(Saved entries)
□ □ □

lemma tendsto_at_shift_0:
  fixes f :: "real \<Rightarrow> 'b::topological_space"
  shows "((\<lambda>r. f (t + r)) \<longlongrightarrow> l) (at 0) \<longleftrightarrow> (f \<longlongrightarrow> l) (at t)"
  by (subst (2) at_to_0) (simp add: filterlim_filtermap add.commute)

lemma eventually_at_shift_0:
  "eventually (\<lambda>r. P (t + r)) (at (0::real)) \<longleftrightarrow> eventually P (at t)"
  by (subst (2) at_to_0) (simp add: eventually_filtermap add.commute)

lemma dd_eqI: "(diffquot f v \<xi> \<longlongrightarrow> l) (at 0) \<Longrightarrow> dd f v \<xi> = l"
  unfolding dd_def by (rule tendsto_Lim) simp

lemma C1_tendsto_dd: "C1 U f \<Longrightarrow> v \<in> U \<Longrightarrow> (diffquot f v \<xi> \<longlongrightarrow> dd f v \<xi>) (at 0)"
  unfolding C1_def using dd_eqI by metis

lemma dd_scaleR:
  fixes f :: "'e::{real_vector,topological_space} \<Rightarrow> 'f::{real_vector,t2_space}"
  assumes tvs: "tvs TYPE('f)" and "C1 U f" "v \<in> U"
  shows "dd f v (c *\<^sub>R \<xi>) = c *\<^sub>R dd f v \<xi>"
proof (cases "c = 0")
  case True
  then show ?thesis
    by (intro dd_eqI) (simp add: diffquot_def[abs_def])
next
  case False
  have "filterlim (\<lambda>s::real. c * s) (at 0) (at 0)"
    using False by (intro filterlim_atI) (auto intro!: tendsto_eq_intros simp: eventually_at_filter)
  from tvs_tendsto_scaleR[OF tvs tendsto_const filterlim_compose[OF C1_tendsto_dd[OF assms(2,3)] this]]
  have "((\<lambda>s. c *\<^sub>R diffquot f v \<xi> (c * s)) \<longlongrightarrow> c *\<^sub>R dd f v \<xi>) (at 0)" .
  moreover have "diffquot f v (c *\<^sub>R \<xi>) = (\<lambda>s. c *\<^sub>R diffquot f v \<xi> (c * s))"
    using False by (simp add: diffquot_def mult.commute fun_eq_iff)
  ultimately show ?thesis
    by (intro dd_eqI) simp
qed

lemma dd_uminus:
  fixes f :: "'e::{real_vector,topological_space} \<Rightarrow> 'f::{real_vector,t2_space}"
  assumes "tvs TYPE('f)" "C1 U f" "v \<in> U"
  shows "dd f v (- \<xi>) = - dd f v \<xi>"
  using dd_scaleR[OF assms, of "-1" \<xi>] by simp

□ □ □

--- Work to be completed ---
Retype the records above from the very first line down to the line with "then show ?thesis", keeping both of those lines. Include nothing beyond them.

--- Your response ---
lemma tendsto_at_shift_0:
  fixes f :: "real \<Rightarrow> 'b::topological_space"
  shows "((\<lambda>r. f (t + r)) \<longlongrightarrow> l) (at 0) \<longleftrightarrow> (f \<longlongrightarrow> l) (at t)"
  by (subst (2) at_to_0) (simp add: filterlim_filtermap add.commute)

lemma eventually_at_shift_0:
  "eventually (\<lambda>r. P (t + r)) (at (0::real)) \<longleftrightarrow> eventually P (at t)"
  by (subst (2) at_to_0) (simp add: eventually_filtermap add.commute)

lemma dd_eqI: "(diffquot f v \<xi> \<longlongrightarrow> l) (at 0) \<Longrightarrow> dd f v \<xi> = l"
  unfolding dd_def by (rule tendsto_Lim) simp

lemma C1_tendsto_dd: "C1 U f \<Longrightarrow> v \<in> U \<Longrightarrow> (diffquot f v \<xi> \<longlongrightarrow> dd f v \<xi>) (at 0)"
  unfolding C1_def using dd_eqI by metis

lemma dd_scaleR:
  fixes f :: "'e::{real_vector,topological_space} \<Rightarrow> 'f::{real_vector,t2_space}"
  assumes tvs: "tvs TYPE('f)" and "C1 U f" "v \<in> U"
  shows "dd f v (c *\<^sub>R \<xi>) = c *\<^sub>R dd f v \<xi>"
proof (cases "c = 0")
  case True
  then show ?thesis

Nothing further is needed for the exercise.